_What the task asks:_
Exactly the lines from the top of the records below through the one containing "j < n \<and>" must be set down, with no line added or dropped.

Start of Record excerpts

(* There exists a Heffter array $H(n;k)$ for all $n\equiv 1\pmod 4$ and $k\equiv 1\pmod 4$ with $5\le k<n$.
   Context: A Heffter array $H(n;k)$ is an $n\times n$ array in which some cells are filled with nonzero integers and the others are empty, such that: each row and each column contains exactly $k$ filled cells; the entries of every row and of every column sum to $0$ modulo $2nk+1$; and for each integer $1\le x\le nk$, exactly one of $x$ or $-x$ appears in the array, and it appears exactly once. *)

theory Defs
  imports Main
begin

text \<open>An n x n partially filled array: cell (i,j) with i,j < n is empty (None)
  or holds an integer. Cells outside the range are ignored.\<close>

definition filled_row :: "(nat \<Rightarrow> nat \<Rightarrow> int option) \<Rightarrow> nat \<Rightarrow> nat \<Rightarrow> nat set" where
  "filled_row A n i = {j. j < n \<and> A i j \<noteq> None}"

definition filled_col :: "(nat \<Rightarrow> nat \<Rightarrow> int option) \<Rightarrow> nat \<Rightarrow> nat \<Rightarrow> nat set" where
  "filled_col A n j = {i. i < n \<and> A i j \<noteq> None}"

definition heffter :: "nat \<Rightarrow> nat \<Rightarrow> (nat \<Rightarrow> nat \<Rightarrow> int option) \<Rightarrow> bool" where
  "heffter n k A \<longleftrightarrow>
     (\<forall>i<n. \<forall>j<n. A i j \<noteq> Some 0) \<and>
     (\<forall>i<n. card (filled_row A n i) = k) \<and>
     (\<forall>j<n. card (filled_col A n j) = k) \<and>
     (\<forall>i<n. (\<Sum>j\<in>filled_row A n i. the (A i j)) mod (2 * int n * int k + 1) = 0) \<and>
     (\<forall>j<n. (\<Sum>i\<in>filled_col A n j. the (A i j)) mod (2 * int n * int k + 1) = 0) \<and>
     (\<forall>i<n. \<forall>j<n. \<forall>v. A i j = Some v \<longrightarrow> 1 \<le> \<bar>v\<bar> \<and> \<bar>v\<bar> \<le> int (n * k)) \<and>
     (\<forall>x::int. 1 \<le> x \<and> x \<le> int (n * k) \<longrightarrow>
        (\<exists>!p. p \<in> {0..<n} \<times> {0..<n} \<and>
               (A (fst p) (snd p) = Some x \<or> A (fst p) (snd p) = Some (-x))))"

End of Record excerpts

_Solution to this task:_
(* There exists a Heffter array $H(n;k)$ for all $n\equiv 1\pmod 4$ and $k\equiv 1\pmod 4$ with $5\le k<n$.
   Context: A Heffter array $H(n;k)$ is an $n\times n$ array in which some cells are filled with nonzero integers and the others are empty, such that: each row and each column contains exactly $k$ filled cells; the entries of every row and of every column sum to $0$ modulo $2nk+1$; and for each integer $1\le x\le nk$, exactly one of $x$ or $-x$ appears in the array, and it appears exactly once. *)

theory Defs
  imports Main
begin

text \<open>An n x n partially filled array: cell (i,j) with i,j < n is empty (None)
  or holds an integer. Cells outside the range are ignored.\<close>

definition filled_row :: "(nat \<Rightarrow> nat \<Rightarrow> int option) \<Rightarrow> nat \<Rightarrow> nat \<Rightarrow> nat set" where
  "filled_row A n i = {j. j < n \<and> A i j \<noteq> None}"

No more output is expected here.